> [Exercise aim]: Lines from the top of the entries through the line that has "int \<Rightarrow> complex" must be duplicated exactly, and no others.

(Record excerpts)

(* Consider the Hecke operators $T_p$ of level $9$ acting on $\mathcal{M}(9)$, for primes $p\ne3$. Then: (a) $JT_pJ=T_p$ for all primes $p\neq3$; (b) $T_pT^{1/3}=T^{1/3}T_p$ if $p\equiv1\bmod3$; (c) $T_pT^{1/3}=T^{-1/3}T_p$ if $p\equiv2\bmod3$.
   Context: $\mathcal{M}(9)$ denotes a space of Maass cusp forms on $\Gamma_0(9)$ with fixed Laplace eigenvalue (real-analytic $\Gamma_0(9)$-invariant eigenfunctions of $-y^2(\partial_x^2+\partial_y^2)$ on the upper half-plane, vanishing at cusps, square-integrable). The Hecke operator of level $9$ is $T_n\varphi(z)=n^{-1/2}\sum_{ad=n,\,a>0,\,(a,9)=1}\sum_{b\bmod d}\varphi(\frac{az+b}{d})$. The operators $J$, $T^{1/3}$, $T^{-1/3}$ act by $(J\varphi)(z)=\varphi(-\bar z)$, $(T^{\pm1/3}\varphi)(z)=\varphi(z\pm\frac13)$ (these preserve $\mathcal{M}(9)$). *)

theory Defs
  imports "HOL-Analysis.Analysis" "HOL-Computational_Algebra.Primes"
begin

definition uhp :: "complex set" where
  "uhp = {z. Im z > 0}"

definition moeb :: "int \<Rightarrow> int \<Rightarrow> int \<Rightarrow> int \<Rightarrow> complex \<Rightarrow> complex" where
  "moeb a b c d z = (of_int a * z + of_int b) / (of_int c * z + of_int d)"

definition dx :: "(complex \<Rightarrow> complex) \<Rightarrow> complex \<Rightarrow> complex" where
  "dx f z = vector_derivative (\<lambda>t::real. f (z + of_real t)) (at 0)"

definition dy :: "(complex \<Rightarrow> complex) \<Rightarrow> complex \<Rightarrow> complex" where
  "dy f z = vector_derivative (\<lambda>t::real. f (z + \<i> * of_real t)) (at 0)"

definition std_fd :: "complex set" where
  "std_fd = {z. Im z > 0 \<and> \<bar>Re z\<bar> \<le> 1/2 \<and> cmod z \<ge> 1}"

text \<open>Maass cusp forms on Gamma_0(9) with Laplace eigenvalue lam
  (functions are regarded through their values on the upper half-plane).\<close>
definition maass_cusp_forms_9 :: "real \<Rightarrow> (complex \<Rightarrow> complex) set" where
  "maass_cusp_forms_9 lam = {phi.
     \<comment> \<open>C^2 in the real sense on the upper half-plane\<close>
     phi differentiable_on uhp \<and>
     dx phi differentiable_on uhp \<and> dy phi differentiable_on uhp \<and>
     continuous_on uhp (dx (dx phi)) \<and> continuous_on uhp (dx (dy phi)) \<and>
     continuous_on uhp (dy (dx phi)) \<and> continuous_on uhp (dy (dy phi)) \<and>
     \<comment> \<open>Laplace eigenfunction\<close>
     (\<forall>z\<in>uhp. - (complex_of_real ((Im z)\<^sup>2)) * (dx (dx phi) z + dy (dy phi) z)
                 = complex_of_real lam * phi z) \<and>
     \<comment> \<open>Gamma_0(9)-invariance\<close>
     (\<forall>a b c d. a * d - b * c = 1 \<longrightarrow> 9 dvd c \<longrightarrow>
        (\<forall>z\<in>uhp. phi (moeb a b c d z) = phi z)) \<and>
     \<comment> \<open>vanishing at all cusps: zero constant term at every cusp
         (9 is a multiple of every cusp width of Gamma_0(9))\<close>
     (\<forall>a b c d. a * d - b * c = 1 \<longrightarrow>
        (\<forall>y>0. integral {0..9} (\<lambda>x. phi (moeb a b c d (Complex x y))) = 0)) \<and>
     \<comment> \<open>square integrable on the quotient of H by Gamma_0(9) (= on the finitely many SL2(Z)-translates
         of the standard fundamental domain), w.r.t. dx dy / y^2\<close>
     (\<forall>a b c d. a * d - b * c = 1 \<longrightarrow>
        (\<lambda>z. (cmod (phi (moeb a b c d z)))\<^sup>2 / (Im z)\<^sup>2) absolutely_integrable_on std_fd)}"

definition hecke9 :: "nat \<Rightarrow> (complex \<Rightarrow> complex) \<Rightarrow> complex \<Rightarrow> complex" where
  "hecke9 n phi z = complex_of_real (1 / sqrt (real n)) *
     (\<Sum>a\<in>{a. a dvd n \<and> a > 0 \<and> coprime a 9}.
        \<Sum>b\<in>{0..<n div a}. phi ((of_nat a * z + of_nat b) / of_nat (n div a)))"

definition opJ :: "(complex \<Rightarrow> complex) \<Rightarrow> complex \<Rightarrow> complex" where
  "opJ phi z = phi (- cnj z)"

definition shift :: "real \<Rightarrow> (complex \<Rightarrow> complex) \<Rightarrow> complex \<Rightarrow> complex" where
  "shift s phi z = phi (z + of_real s)"

end

theory Submission imports Defs begin

text \<open>For a prime \<open>p \<noteq> 3\<close> the operator
  \<open>T\<^sub>p\<close> averages \<open>\<phi>\<close> over \<open>z \<mapsto> p z\<close> and \<open>z \<mapsto> (z + b)/p\<close>, \<open>0 \<le> b < p\<close>. Conjugating by \<open>J\<close>
  replaces \<open>b\<close> by \<open>-b\<close>, and conjugating by a translation \<open>z \<mapsto> z + s\<close> turns \<open>T\<^sub>p\<close> into
  \<open>T\<^sub>p\<close> followed by the translation by \<open>t\<close> as soon as \<open>p s - t\<close> and \<open>p t - s\<close> are integers, because then
  \<open>b\<close> is merely shifted by an integer. Both changes permute \<open>b\<close> modulo \<open>p\<close>, which leaves the
  sum unchanged by periodicity. For \<open>s = 1/3\<close> one may take \<open>t = 1/3\<close> if \<open>p \<equiv> 1\<close> and
  \<open>t = -1/3\<close> if \<open>p \<equiv> 2 (mod 3)\<close>.\<close>

lemma sum_periodic_shift:
  fixes g :: "int \<Rightarrow> 'a::comm_monoid_add" and p :: nat
  assumes periodic: "\<And>k n. g (k + n * int p) = g k" and "p > 0"
  shows "(\<Sum>b\<in>{0..<p}. g (int b + m)) = (\<Sum>b\<in>{0..<p}. g (int b))"
proof -
  define h where "h b = nat ((int b + m) mod int p)" for b
  have h_int: "int (h b) = (int b + m) mod int p" for b
    using \<open>p > 0\<close> by (simp add: h_def)
  have "g (int b + m) = g (int (h b))" for b
    using periodic[of "(int b + m) mod int p" "(int b + m) div int p"]
    by (simp add: h_int mod_div_mult_eq)
  moreover have "bij_betw h {0..<p} {0..<p}"
  proof -
    have "inj_on h {0..<p}"
    proof
      fix x y assume "x \<in> {0..<p}" "y \<in> {0..<p}" "h x = h y"
      then have "(int x + m) mod int p = (int y + m) mod int p" by (metis h_int)
      then have "int x mod int p = int y mod int p"
        using mod_add_cong[of "int x + m" "int p" "int y + m" "-m"] by simp
      with \<open>x \<in> {0..<p}\<close> \<open>y \<in> {0..<p}\<close> show "x = y" by simp
    qed
    moreover have "h ` {0..<p} \<subseteq> {0..<p}"
      using \<open>p > 0\<close> by (auto simp: h_def nat_less_iff)
    ultimately show ?thesis by (simp add: bij_betw_def endo_inj_surj)
  qed
  ultimately show ?thesis
    using sum.reindex_bij_betw[of h "{0..<p}" "{0..<p}" "\<lambda>b. g (int b)"] by simp
qed

lemma sum_periodic_reflect:
  fixes g :: "int \<Rightarrow> 'a::comm_monoid_add" and p :: nat
  assumes "\<And>k n. g (k + n * int p) = g k" and "p > 0"
  shows "(\<Sum>b\<in>{0..<p}. g (- int b)) = (\<Sum>b\<in>{0..<p}. g (int b))"
proof -
  have "(\<Sum>b\<in>{0..<p}. g (- int b)) = (\<Sum>b\<in>{0..<p}. g (- int (p + 0 - Suc b)))"
    by (rule sum.atLeastLessThan_rev)
  also have "\<dots> = (\<Sum>b\<in>{0..<p}. g (int b + (1 - int p)))"
    by (intro sum.cong) (simp_all add: of_nat_diff algebra_simps)
  also have "\<dots> = (\<Sum>b\<in>{0..<p}. g (int b))"
    using assms by (rule sum_periodic_shift)
  finally show ?thesis .
qed

lemma maass_cusp_forms_9_periodic:
  assumes "phi \<in> maass_cusp_forms_9 lam" and "Im w > 0"
  shows "phi (w + of_int n) = phi w"
proof -
  have "phi (moeb 1 n 0 1 w) = phi w"
    using assms unfolding maass_cusp_forms_9_def uhp_def by auto
  then show ?thesis by (simp add: moeb_def)
qed

lemma hecke9_prime:
  assumes "prime p" and "p \<noteq> 3"
  shows "hecke9 p phi z = complex_of_real (1 / sqrt (real p)) *
     ((\<Sum>b\<in>{0..<p}. phi ((z + of_nat b) / of_nat p)) + phi (of_nat p * z))"
proof -
  have "coprime p 3"
    using assms by (simp add: primes_coprime)
  then have "coprime p 9"
    using coprime_power_right_iff[of p 3 2] by simp
  then have "{a. a dvd p \<and> a > 0 \<and> coprime a 9} = {1, p}"
    using \<open>prime p\<close> prime_nat_iff by (auto simp: prime_gt_0_nat)
  moreover have "p \<noteq> 1"
    using \<open>prime p\<close> by auto
  ultimately show ?thesis
    unfolding hecke9_def using \<open>prime p\<close> by (simp add: prime_gt_0_nat add.commute)
qed

lemma hecke_summand_periodic:
  assumes periodic: "\<And>w n. Im w > 0 \<Longrightarrow> phi (w + of_int n) = phi w"
    and "p > 0" and "Im w > 0"
  shows "phi ((w + of_int (k + n * int p)) / of_nat p) = phi ((w + of_int k) / of_nat p)"
proof -
  have "(w + of_int (k + n * int p)) / of_nat p = (w + of_int k) / of_nat p + of_int n"
    using \<open>p > 0\<close> by (simp add: field_simps)
  moreover have "Im ((w + of_int k) / of_nat p) > 0"
    using \<open>p > 0\<close> \<open>Im w > 0\<close> by simp
  ultimately show ?thesis using periodic by simp
qed

lemma hecke9_opJ:
  assumes periodic: "\<And>w n. Im w > 0 \<Longrightarrow> phi (w + of_int n) = phi w"
    and "prime p" and "p \<noteq> 3" and "Im z > 0"
  shows "opJ (hecke9 p (opJ phi)) z = hecke9 p phi z"
proof -
  have "p > 0" using \<open>prime p\<close> prime_gt_0_nat by blast
  have reflect: "- cnj ((- cnj z + of_nat b) / of_nat p) = (z + of_int (- int b)) / of_nat p" for b
    by (simp add: complex_eq_iff diff_divide_distrib)
  have "(\<Sum>b\<in>{0..<p}. phi ((z + of_int (- int b)) / of_nat p))
      = (\<Sum>b\<in>{0..<p}. phi ((z + of_int (int b)) / of_nat p))"
    using hecke_summand_periodic[OF periodic \<open>p > 0\<close> \<open>Im z > 0\<close>] \<open>p > 0\<close>
    by (rule sum_periodic_reflect)
  moreover have "- cnj (of_nat p * - cnj z) = of_nat p * z"
    by (simp add: complex_eq_iff)
  ultimately show ?thesis
    unfolding opJ_def hecke9_prime[OF \<open>prime p\<close> \<open>p \<noteq> 3\<close>] reflect by simp
qed

lemma hecke9_shift:
  assumes periodic: "\<And>w n. Im w > 0 \<Longrightarrow> phi (w + of_int n) = phi w"
    and "prime p" and "p \<noteq> 3" and "Im z > 0"
    and "real p * s - t = of_int m" and "real p * t - s = of_int m'"
  shows "hecke9 p (shift s phi) z = shift t (hecke9 p phi) z"
proof -
  have "p > 0" using \<open>prime p\<close> prime_gt_0_nat by blast
  define w where "w = z + of_real t"
  have "Im w > 0" using \<open>Im z > 0\<close> by (simp add: w_def)
  have "(z + of_nat b) / of_nat p + of_real s = (w + of_int (int b + m)) / of_nat p" for b
  proof -
    have "of_nat p * of_real s = (of_real t + of_int m :: complex)"
      using \<open>real p * s - t = of_int m\<close>
      by (metis add.commute diff_eq_eq of_real_add of_real_mult of_real_of_int_eq of_real_of_nat_eq)
    moreover have "(z + of_nat b) / of_nat p + of_real s = (z + of_nat b + of_nat p * of_real s) / of_nat p"
      using \<open>p > 0\<close> by (simp add: field_simps)
    ultimately show ?thesis
      by (simp add: w_def algebra_simps)
  qed
  then have "(\<Sum>b\<in>{0..<p}. phi ((z + of_nat b) / of_nat p + of_real s))
      = (\<Sum>b\<in>{0..<p}. phi ((w + of_int (int b + m)) / of_nat p))"
    by simp
  also have "\<dots> = (\<Sum>b\<in>{0..<p}. phi ((w + of_int (int b)) / of_nat p))"
    using hecke_summand_periodic[OF periodic \<open>p > 0\<close> \<open>Im w > 0\<close>] \<open>p > 0\<close>
    by (rule sum_periodic_shift)
  finally have sums: "(\<Sum>b\<in>{0..<p}. phi ((z + of_nat b) / of_nat p + of_real s))
      = (\<Sum>b\<in>{0..<p}. phi ((w + of_nat b) / of_nat p))"
    by simp
  have "of_nat p * w = (of_nat p * z + of_real s) + of_int m'"
  proof -
    have "of_nat p * of_real t = (of_real s + of_int m' :: complex)"
      using \<open>real p * t - s = of_int m'\<close>
      by (metis add.commute diff_eq_eq of_real_add of_real_mult of_real_of_int_eq of_real_of_nat_eq)
    then show ?thesis by (simp add: w_def algebra_simps)
  qed
  moreover have "Im (of_nat p * z + of_real s) > 0"
    using \<open>Im z > 0\<close> \<open>p > 0\<close> by simp
  ultimately have "phi (of_nat p * w) = phi (of_nat p * z + of_real s)"
    using periodic by simp
  with sums show ?thesis
    unfolding hecke9_prime[OF \<open>prime p\<close> \<open>p \<noteq> 3\<close>] shift_def w_def by simp
qed

theorem lemma6p1:
  fixes lam :: real and phi :: "complex \<Rightarrow> complex" and p :: nat
  assumes "phi \<in> maass_cusp_forms_9 lam" and "prime p" and "p \<noteq> 3"
  shows "(\<forall>z\<in>uhp. opJ (hecke9 p (opJ phi)) z = hecke9 p phi z)
       \<and> (p mod 3 = 1 \<longrightarrow>
            (\<forall>z\<in>uhp. hecke9 p (shift (1/3) phi) z = shift (1/3) (hecke9 p phi) z))
       \<and> (p mod 3 = 2 \<longrightarrow>
            (\<forall>z\<in>uhp. hecke9 p (shift (1/3) phi) z = shift (-1/3) (hecke9 p phi) z))"
proof -
  note periodic = maass_cusp_forms_9_periodic[OF assms(1)]
  have J: "opJ (hecke9 p (opJ phi)) z = hecke9 p phi z" if "z \<in> uhp" for z
    using hecke9_opJ[OF periodic assms(2,3)] that by (simp add: uhp_def)
  have p_split: "real p = 3 * real (p div 3) + real (p mod 3)"
    by (metis div_mult_mod_eq mult.commute of_nat_add of_nat_mult of_nat_numeral)
  have T1: "hecke9 p (shift (1/3) phi) z = shift (1/3) (hecke9 p phi) z"
    if "p mod 3 = 1" and "z \<in> uhp" for z
  proof -
    have k: "real p * (1/3) - 1/3 = of_int (int (p div 3))"
      using p_split \<open>p mod 3 = 1\<close> by (simp add: field_simps)
    from \<open>z \<in> uhp\<close> have "Im z > 0" by (simp add: uhp_def)
    from hecke9_shift[OF periodic assms(2,3) this k k] show ?thesis .
  qed
  have T2: "hecke9 p (shift (1/3) phi) z = shift (-1/3) (hecke9 p phi) z"
    if "p mod 3 = 2" and "z \<in> uhp" for z
  proof -
    have "real p * (1/3) - (-1/3) = of_int (int (p div 3) + 1)"
      and "real p * (-1/3) - 1/3 = of_int (- int (p div 3) - 1)"
      using p_split \<open>p mod 3 = 2\<close> by (simp_all add: field_simps)
    moreover from \<open>z \<in> uhp\<close> have "Im z > 0" by (simp add: uhp_def)
    ultimately show ?thesis
      by (intro hecke9_shift[OF periodic assms(2,3)])
  qed
  show ?thesis using J T1 T2 by blast
qed

end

(End Record excerpts)

> [Solution]:
(* Consider the Hecke operators $T_p$ of level $9$ acting on $\mathcal{M}(9)$, for primes $p\ne3$. Then: (a) $JT_pJ=T_p$ for all primes $p\neq3$; (b) $T_pT^{1/3}=T^{1/3}T_p$ if $p\equiv1\bmod3$; (c) $T_pT^{1/3}=T^{-1/3}T_p$ if $p\equiv2\bmod3$.
   Context: $\mathcal{M}(9)$ denotes a space of Maass cusp forms on $\Gamma_0(9)$ with fixed Laplace eigenvalue (real-analytic $\Gamma_0(9)$-invariant eigenfunctions of $-y^2(\partial_x^2+\partial_y^2)$ on the upper half-plane, vanishing at cusps, square-integrable). The Hecke operator of level $9$ is $T_n\varphi(z)=n^{-1/2}\sum_{ad=n,\,a>0,\,(a,9)=1}\sum_{b\bmod d}\varphi(\frac{az+b}{d})$. The operators $J$, $T^{1/3}$, $T^{-1/3}$ act by $(J\varphi)(z)=\varphi(-\bar z)$, $(T^{\pm1/3}\varphi)(z)=\varphi(z\pm\frac13)$ (these preserve $\mathcal{M}(9)$). *)

theory Defs
  imports "HOL-Analysis.Analysis" "HOL-Computational_Algebra.Primes"
begin

definition uhp :: "complex set" where
  "uhp = {z. Im z > 0}"

definition moeb :: "int \<Rightarrow> int \<Rightarrow> int \<Rightarrow> int \<Rightarrow> complex \<Rightarrow> complex" where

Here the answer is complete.